John Wilderspin on the use of peer challenge to develop shared systems leadership across the NHS and local government
After 25 years of competing within an internal market, NHS organisations are having to get to grips with a world where success is increasingly measured by your ability to collaborate, and to form effective partnerships across complex local systems. One sector which has long experience of developing effective partnerships is local government, in part because local government can only succeed by building constructive alliances with others.
This doesn’t just apply to the building of partnerships at a local level; the whole way that local government does development and improvement is by working collaboratively with other councils in what is termed “sector led improvement”. At the heart of this approach is a peer review, or more accurately a “peer challenge” process.
The peer challenge process can also benefit collaboration in other contexts where productive relationships will be equally critical
“Peer challenge” involves a team of peers from other parts of the country spending time with an individual local authority, “running the rule” over the way they operate.
Constructive challenge from a group of people who really understand your business is a great way to identify areas for improvement, and to help you think through how to fix them. This applies particularly to the intangible, but crucial issue of relationships, given how important productive relationships are to the successful running of a council.
By extension, the peer challenge process can also benefit collaboration in other contexts where productive relationships will be equally critical.
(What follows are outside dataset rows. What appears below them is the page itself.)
text \<open>
Let q be the quantifier depth of psi and H = I_psi(G). Call an Ehrenfeucht-Fraisse game on G a
swapping game if answering a move x by y also counts as answering y by x, so that the partial
isomorphism built by Duplicator is an involution. If Duplicator wins the (q + m)-round swapping game
from u and v, then u and v are related in the m-round differential game on H: to a move
v' in D(a, b) she answers with the partner w' of v', and psi(a, v') = psi(b, w'),
psi(a, w') = psi(b, v') force w' into D(a, b).

Such a strategy exists whenever u and v lie far apart in G - S and have the same local type
relative to S, local types being given by a back-and-forth game whose moves must stay within
distance 2^j of the current tuple: moves near u are answered through the local equivalence near v
and vice versa, and all other moves are answered by themselves. For |S| <= s there are boundedly
many local types, independently of G. By uniform quasi-wideness with radius 2^(q+m+2), a large
independent set would therefore contain two far-apart vertices of the same local type, which are
related, a contradiction.
\<close>

section \<open>Distances avoiding S\<close>

lemma near_mono: "near G S r a b \<Longrightarrow> r \<le> r' \<Longrightarrow> near G S r' a b"
proof (induction r')
  case 0
  then show ?case by simp
next
  case (Suc r')
  then show ?case by (cases "r = Suc r'") auto
qed

lemma near_refl: "near G S r a a"
  using near_mono[of G S 0 a a r] by simp

lemma near_trans: "near G S r a b \<Longrightarrow> near G S r' b c \<Longrightarrow> near G S (r + r') a c"
proof (induction r' arbitrary: c)
  case 0
  then show ?case by simp
next
  case (Suc r')
  from Suc.prems(2) show ?case
  proof (simp only: near.simps, elim disjE exE conjE)
    assume "near G S r' b c"
    then show ?thesis using Suc.IH Suc.prems(1) by simp
  next
    fix w assume "near G S r' b w" "w \<notin> S" "adjs G w c" "c \<notin> S"
    then show ?thesis using Suc.IH[of w] Suc.prems(1) by auto
  qed
qed
(* Let $G$ be a connected finite simple undirected graph with at least two vertices, $W:V_G\to\mathbb{R}$ a potential, $\psi$ the ground state of $H_{G,W}$ with $\psi(x)>0$ for all $x$ and $\sum_x\psi(x)^2=1$, and $\gamma_H$ the gap between the smallest and second-smallest eigenvalues of $H_{G,W}$. For each ordered pair $(x,y)$ of distinct vertices choose a path $\gamma_{xy}$ in $G$ from $x$ to $y$ that traverses no edge more than once, and let $\Gamma$ be this collection of paths. Then $\gamma_H\ge 1/\kappa'$, where $$\kappa'=\max_{e}\sum_{\gamma_{xy}\ni e}\psi(x)^2\psi(y)^2\sum_{g\in\gamma_{xy}}\frac{1}{\psi(g_1)\psi(g_2)},$$ the maximum is over edges $e$ of $G$, the outer sum is over the paths in $\Gamma$ that use the edge $e$, the inner sum is over the edges $g$ of the path $\gamma_{xy}$, and $g_1,g_2$ denote the endpoints of $g$.
   Context: For a finite simple undirected graph $G$ with vertex set $V_G$, let $\mathcal{H}_G$ be the complex Hilbert space with orthonormal basis $\{|x\rangle : x\in V_G\}$. The graph Laplacian is $L_G=\sum_{x} d_x |x\rangle\langle x| - \sum_{x\sim y}|x\rangle\langle y|$, where $d_x$ is the degree of $x$ and the second sum runs over ordered pairs of adjacent vertices. For a potential $W:V_G\to\mathbb{R}$, $H_{G,W}=L_G+\sum_{x} W(x)|x\rangle\langle x|$. For connected $G$ the ground state is nondegenerate and can be chosen with strictly positive amplitudes (Perron–Frobenius). *)

theory Defs
  imports Complex_Main
begin
lemma side_edge:
  assumes "i < 3"
  obtains a b where "a \<in> V" "b \<in> V" "a \<noteq> b"
    "\<And>p. p \<in> convex hull V \<Longrightarrow> lam i (xy p) = 0 \<Longrightarrow> p \<in> convex hull {a, b}"
proof -
  define j where "j = (i + 1) mod 3"
  define k where "k = (i + 2) mod 3"
  have i: "i = 0 \<or> i = 1 \<or> i = 2" using assms by auto
  have "vt j \<in> V" "vt k \<in> V" "vt j \<noteq> vt k"
    using i vertices vertices_distinct by (auto simp: j_def k_def numeral_2_eq_2)
  moreover have "p \<in> convex hull {vt j, vt k}" if p: "p \<in> convex hull V" "lam i (xy p) = 0" for p
  proof -
    have "p = lam j (xy p) *\<^sub>R vt j + lam k (xy p) *\<^sub>R vt k \<and> lam j (xy p) + lam k (xy p) = 1"
      using i hull_point_eq[OF p(1)] sum_eq_1[of "xy p"] p(2)
      by (auto simp: j_def k_def numeral_2_eq_2 algebra_simps)
    moreover have "0 \<le> lam j (xy p)" "0 \<le> lam k (xy p)"
      using coord_nonneg[OF p(1)] by (simp_all add: j_def k_def)
    ultimately show ?thesis unfolding convex_hull_2 by blast
  qed
  ultimately show thesis by (rule that)
qed

text \<open>Along the line of a side, the projected triangle can only be left through a vertex,
  and the convex set D contains no projected vertex.\<close>
lemma side_point_in_hull:
  assumes "convex D" "xy ` V \<inter> D = {}" "i < 3"
    and z: "z \<in> D" "z \<in> xy ` (convex hull V)" "lam i z = 0"
    and w: "w \<in> D" "lam i w = 0"
  shows "w \<in> xy ` (convex hull V)"
proof (rule ccontr)
  assume "w \<notin> xy ` (convex hull V)"
  then obtain j where j: "j < 3" "lam j w < 0" by (auto simp: xy_hull_iff not_le)
  have "0 \<le> lam j z" using z(2) j(1) by (simp add: xy_hull_iff)
  then obtain u where "u \<in> closed_segment w z" "lam j u = 0"
    using affine2_zero_in_convex[OF convex_closed_segment affine _ _ j(2)] by blast
  moreover have "lam i u = 0"
    using calculation(1) z(3) w(2) by (auto simp: closed_segment_def affine2_segment[OF affine])
  moreover have "u \<in> D"
    using calculation(1) assms(1) z(1) w(1) closed_segment_subset by blast
  moreover have "i \<noteq> j" using w(2) j(2) by auto
  ultimately have "u \<in> xy ` V \<inter> D"
    using vertex_if_two_coords_zero[OF assms(3) j(1)] by blast
  then show False using assms(2) by blast
qed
This is why the Local Government Association and NHS Clinical Commissioners, working with NHS England, NHS Improvement, Public Health England and a range of other stakeholders have developed a peer challenge process specifically for whole Health and Care systems.
The process has been piloted recently, and I was one of the peers who took part in the pilot process in Coventry and Warwickshire.
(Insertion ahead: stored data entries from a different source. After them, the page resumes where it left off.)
(* In the setup below, every element $R(i;j,k\,|\,l;m,n)$ (with $i\neq l$) and every element $T(i,j\,|\,k,l\,|\,m,n)$ (with $i,k,m$ pairwise distinct) lies in $K_2^T(C)$.
   Context: Let $K$ be a field, $N\ge2$, $N_1,\dots,N_N\ge1$. For $1\le i\le N$, $1\le j\le N_i$ let $L_{i,j}=a_ix+b_iy+c_{i,j}$ with $a_i,b_i,c_{i,j}\in K$, $(a_i,b_i)\ne(0,0)$, such that the affine lines $L_{i,j}=0$ are pairwise distinct and $[i,k]:=a_ib_k-a_kb_i\neq0$ for $i\neq k$. For $\lambda\in K^*$ put $f(x,y)=\lambda\prod_{i,j}L_{i,j}-1$; the affine curve $f=0$ is irreducible. Let $C'\subset\mathbb P^2_K$ be its projective closure, $C$ the normalisation of $C'$ (a regular proper irreducible curve), and $F$ its function field; the $L_{i,j}$ are regarded as elements of $F^*$. $K_2(F)$ is the abelian group generated by symbols $\{a,b\}$, $a,b\in F^*$, with relations $\{a_1a_2,b\}=\{a_1,b\}+\{a_2,b\}$, $\{a,b_1b_2\}=\{a,b_1\}+\{a,b_2\}$, $\{a,1-a\}=0$ for $a\neq0,1$. For a closed point $x$ of $C$ with residue field $k(x)$, the tame symbol is $T_x(\{a,b\})=(-1)^{\mathrm{ord}_x(a)\mathrm{ord}_x(b)}\bigl(a^{\mathrm{ord}_x(b)}/b^{\mathrm{ord}_x(a)}\bigr)(x)\in k(x)^*$, and $K_2^T(C)$ is the kernel of $\bigoplus_x T_x:K_2(F)\to\bigoplus_x k(x)^*$. Define $R(i;j,k\,|\,l;m,n)=\{L_{i,j}/L_{i,k},\,L_{l,m}/L_{l,n}\}$ for $i\ne l$, and $T(i,j\,|\,k,l\,|\,m,n)=\Bigl\{\frac{[i,m]}{[k,m]}\frac{L_{k,l}}{L_{i,j}},\,\frac{[i,k]}{[m,k]}\frac{L_{m,n}}{L_{i,j}}\Bigr\}$ for $i,k,m$ pairwise distinct (second indices in the appropriate ranges). *)

theory Defs
  imports "HOL-Computational_Algebra.Polynomial"
begin

definition subfield :: "'a::field set \<Rightarrow> bool" where
  "subfield S \<longleftrightarrow> 0 \<in> S \<and> 1 \<in> S \<and>
     (\<forall>u\<in>S. \<forall>w\<in>S. u + w \<in> S \<and> u * w \<in> S \<and> u - w \<in> S) \<and>
     (\<forall>u\<in>S. u \<noteq> 0 \<longrightarrow> inverse u \<in> S)"

definition generated_by :: "'a::field set \<Rightarrow> 'a \<Rightarrow> 'a \<Rightarrow> bool" where
  "generated_by K x y \<longleftrightarrow>
     (\<forall>S. subfield S \<and> K \<subseteq> S \<and> x \<in> S \<and> y \<in> S \<longrightarrow> S = UNIV)"

definition transcendental_over :: "'a::field set \<Rightarrow> 'a \<Rightarrow> bool" where
  "transcendental_over K x \<longleftrightarrow>
     (\<forall>p. p \<noteq> 0 \<and> (\<forall>n. coeff p n \<in> K) \<longrightarrow> poly p x \<noteq> 0)"

text \<open>Normalised discrete valuations of F trivial on K; these are exactly the
  closed points of the regular proper curve C with function field F.
  (The value at 0 is irrelevant and never used.)\<close>
definition discrete_valuation :: "'a::field set \<Rightarrow> ('a \<Rightarrow> int) \<Rightarrow> bool" where
  "discrete_valuation K v \<longleftrightarrow>
     v ` (UNIV - {0}) = UNIV \<and>
     (\<forall>a b. a \<noteq> 0 \<and> b \<noteq> 0 \<longrightarrow> v (a * b) = v a + v b) \<and>
     (\<forall>a b. a \<noteq> 0 \<and> b \<noteq> 0 \<and> a + b \<noteq> 0 \<longrightarrow> v (a + b) \<ge> min (v a) (v b)) \<and>
     (\<forall>c\<in>K. c \<noteq> 0 \<longrightarrow> v c = 0)"

text \<open>The element (-1)^(v a v b) a^(v b) / b^(v a), a unit of the valuation ring,
  whose residue class is the tame symbol.\<close>
definition tame_elt :: "('a::field \<Rightarrow> int) \<Rightarrow> 'a \<Rightarrow> 'a \<Rightarrow> 'a" where
  "tame_elt v a b = (-1) powi (v a * v b) * a powi (v b) / b powi (v a)"

text \<open>The tame symbol at v of {a,b} is trivial, i.e. the residue of tame_elt is 1
  in the residue field k(v): the element minus 1 lies in the maximal ideal.\<close>
definition tame_trivial :: "('a::field \<Rightarrow> int) \<Rightarrow> 'a \<Rightarrow> 'a \<Rightarrow> bool" where
  "tame_trivial v a b \<longleftrightarrow>
     tame_elt v a b = 1 \<or> (tame_elt v a b \<noteq> 1 \<and> v (tame_elt v a b - 1) > 0)"

definition symbol_in_K2T :: "'a::field set \<Rightarrow> 'a \<Rightarrow> 'a \<Rightarrow> bool" where
  "symbol_in_K2T K a b \<longleftrightarrow> (\<forall>v. discrete_valuation K v \<longrightarrow> tame_trivial v a b)"

end

theory Submission
  imports Defs
begin

(* Let v be a discrete valuation of F trivial on K, i.e. a closed point of C.
   Either v(x) >= 0 and v(y) >= 0: then every L_{i,j} is integral at v, and since
   lam * prod L_{i,j} = 1 with lam a constant, every L_{i,j} is a v-unit.  Or v has a
   pole t = min(v x, v y) < 0: then every L_{i,j} has valuation >= t, and two lines
   L_{i,j}, L_{k,l} of different directions (i <> k) cannot both have valuation > t,
   because x and y are K-linear combinations of them (plus constants).
   In both situations the tame symbols of R and T are computed from three principles:
   symbols of two units are trivial, and {a,b} is trivial at v whenever a, b or -a/b is
   a principal unit (congruent to 1 modulo the maximal ideal). *)

lemma subfield_add: "subfield K \<Longrightarrow> u \<in> K \<Longrightarrow> w \<in> K \<Longrightarrow> u + w \<in> K"
  and subfield_mult: "subfield K \<Longrightarrow> u \<in> K \<Longrightarrow> w \<in> K \<Longrightarrow> u * w \<in> K"
  and subfield_diff: "subfield K \<Longrightarrow> u \<in> K \<Longrightarrow> w \<in> K \<Longrightarrow> u - w \<in> K"
  unfolding subfield_def by blast+

lemma subfield_divide: "subfield K \<Longrightarrow> u \<in> K \<Longrightarrow> w \<in> K \<Longrightarrow> u / w \<in> K"
  unfolding subfield_def divide_inverse by (cases "w = 0") auto

section \<open>Discrete valuations\<close>

locale discrete_val =
  fixes K :: "'a::field set" and v :: "'a \<Rightarrow> int"
  assumes discrete_valuation: "discrete_valuation K v"
begin

lemma val_mult: "a \<noteq> 0 \<Longrightarrow> b \<noteq> 0 \<Longrightarrow> v (a * b) = v a + v b"
  using discrete_valuation unfolding discrete_valuation_def by blast

lemma val_add: "a \<noteq> 0 \<Longrightarrow> b \<noteq> 0 \<Longrightarrow> a + b \<noteq> 0 \<Longrightarrow> min (v a) (v b) \<le> v (a + b)"
  using discrete_valuation unfolding discrete_valuation_def by blast

lemma val_const: "c \<in> K \<Longrightarrow> c \<noteq> 0 \<Longrightarrow> v c = 0"
  using discrete_valuation unfolding discrete_valuation_def by blast

lemma val_one: "v 1 = 0"
  using val_mult[of 1 1] by simp

lemma val_inverse: "a \<noteq> 0 \<Longrightarrow> v (inverse a) = - v a"
  using val_mult[of a "inverse a"] val_one by simp

lemma val_divide: "a \<noteq> 0 \<Longrightarrow> b \<noteq> 0 \<Longrightarrow> v (a / b) = v a - v b"
  by (simp add: divide_inverse val_mult val_inverse)

lemma val_uminus:
  assumes "a \<noteq> 0"
  shows "v (- a) = v a"
proof -
  have "v (-1) = 0" using val_mult[of "-1" "-1"] val_one by simp
  then show ?thesis using val_mult[of "-1" a] assms by simp
qed

lemma val_prod: "finite S \<Longrightarrow> (\<And>s. s \<in> S \<Longrightarrow> f s \<noteq> 0) \<Longrightarrow> v (prod f S) = (\<Sum>s\<in>S. v (f s))"
  by (induction S rule: finite_induct) (simp_all add: val_one val_mult prod_zero_iff)

lemma val_prod_unit:
  assumes "finite S" "\<And>s. s \<in> S \<Longrightarrow> f s \<noteq> 0" "\<And>s. s \<in> S \<Longrightarrow> 0 \<le> v (f s)"
    and "v (prod f S) = 0" and "s \<in> S"
  shows "v (f s) = 0"
  using assms sum_nonneg_eq_0_iff[of S "\<lambda>s. v (f s)"] val_prod[of S f] by simp

text \<open>\<open>val_ge s z\<close>: z lies in the fractional ideal of elements of valuation at least s
  (the value of v at 0 is meaningless, so 0 is included explicitly).\<close>
definition val_ge :: "int \<Rightarrow> 'a \<Rightarrow> bool" where
  "val_ge s z \<longleftrightarrow> z = 0 \<or> s \<le> v z"

lemma val_ge_nonzero: "z \<noteq> 0 \<Longrightarrow> val_ge s z \<longleftrightarrow> s \<le> v z"
  unfolding val_ge_def by simp

lemma val_ge_mono: "s' \<le> s \<Longrightarrow> val_ge s z \<Longrightarrow> val_ge s' z"
  unfolding val_ge_def by auto

lemma val_ge_const: "c \<in> K \<Longrightarrow> val_ge 0 c"
  unfolding val_ge_def using val_const by (cases "c = 0") auto

lemma val_ge_add: "val_ge s a \<Longrightarrow> val_ge s b \<Longrightarrow> val_ge s (a + b)"
  unfolding val_ge_def using val_add[of a b] by fastforce

lemma val_ge_uminus: "val_ge s a \<Longrightarrow> val_ge s (- a)"
  unfolding val_ge_def using val_uminus by (cases "a = 0") auto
Although Coventry and Warwickshire are incorporated into one sustainability and transformation partnership footprint, and some NHS organisations cover the whole patch, in local government terms it is made up of two very different local authorities (Coventry City, a unitary authority, and Warwickshire, a two tier county council).
Politically, Coventry is Labour controlled, whereas Warwickshire is Conservative controlled, but it is inspite of these political differences, both councils recognise the importance of working together where it is to the advantage of their two populations.
Peer challenge is a very practical way of delivering support; it is based on a tried and tested approach from another part of the public sector
The peer challenge team was drawn from across the country, and from a variety of backgrounds, both NHS and local government, as well as two LGA colleagues with wide experience of the peer challenge process. We spent three days on site, and over the course of that time spoke to over 50 people from across the health and care system.
This included NHS chief executives and chairs, GP leaders, NHS England, Healthwatch, as well as political leaders and officers from the two local councils, and a range of local partner organisations. The chairs of the two local health and wellbeing boards as the local “sponsors” of the process had set out a number of areas for us to focus on, but once we started our interviews, the focus of the discussion became more self selecting.
Overwhelmingly, the main issue that people wanted to talk about was the STP. Sometimes the issues which were surfaced were substantive, for example how to align objectives across different governance processes, but the bulk of the discussions were about relationships, and how to make them conducive to effective joint working. So how can the peer challenge process help to nurture, or reinforce, the development of productive relationships?
Firstly, it provides a “safe space” for local leaders to discuss the challenges that exist within their system with peers who have faced similar issues. Peer challenge is not a judgement process; there is no pass or fail, and the peer reviewers all have experience of the inherent challenge of managing complex relationships in a highly pressured environment.
They can also offer impartial advice on how to untangle difficult situations, acting as an “honest broker” where things have got stuck. Crucially, their role is to act as a “critical friend”; they can challenge people in the system who are behaving poorly or avoiding their collective responsibility, without it being seen as a personal attack.
Having now participated in a system “peer challenge”, I firmly believe that it could be a very valuable way to support the implementation of STPs, and the other collaborative processes with which the NHS is now engaging. Effective collaboration cannot be performance managed or regulated into existence, but it can be fostered and accelerated by well designed support.
Peer challenge is a very practical way of delivering that support; it is based on a tried and tested approach from another part of the public sector, which has been adapted specifically to meet the needs of the moment. I hope that people will follow the example of Coventry and Warwickshire, and try the process out for themselves.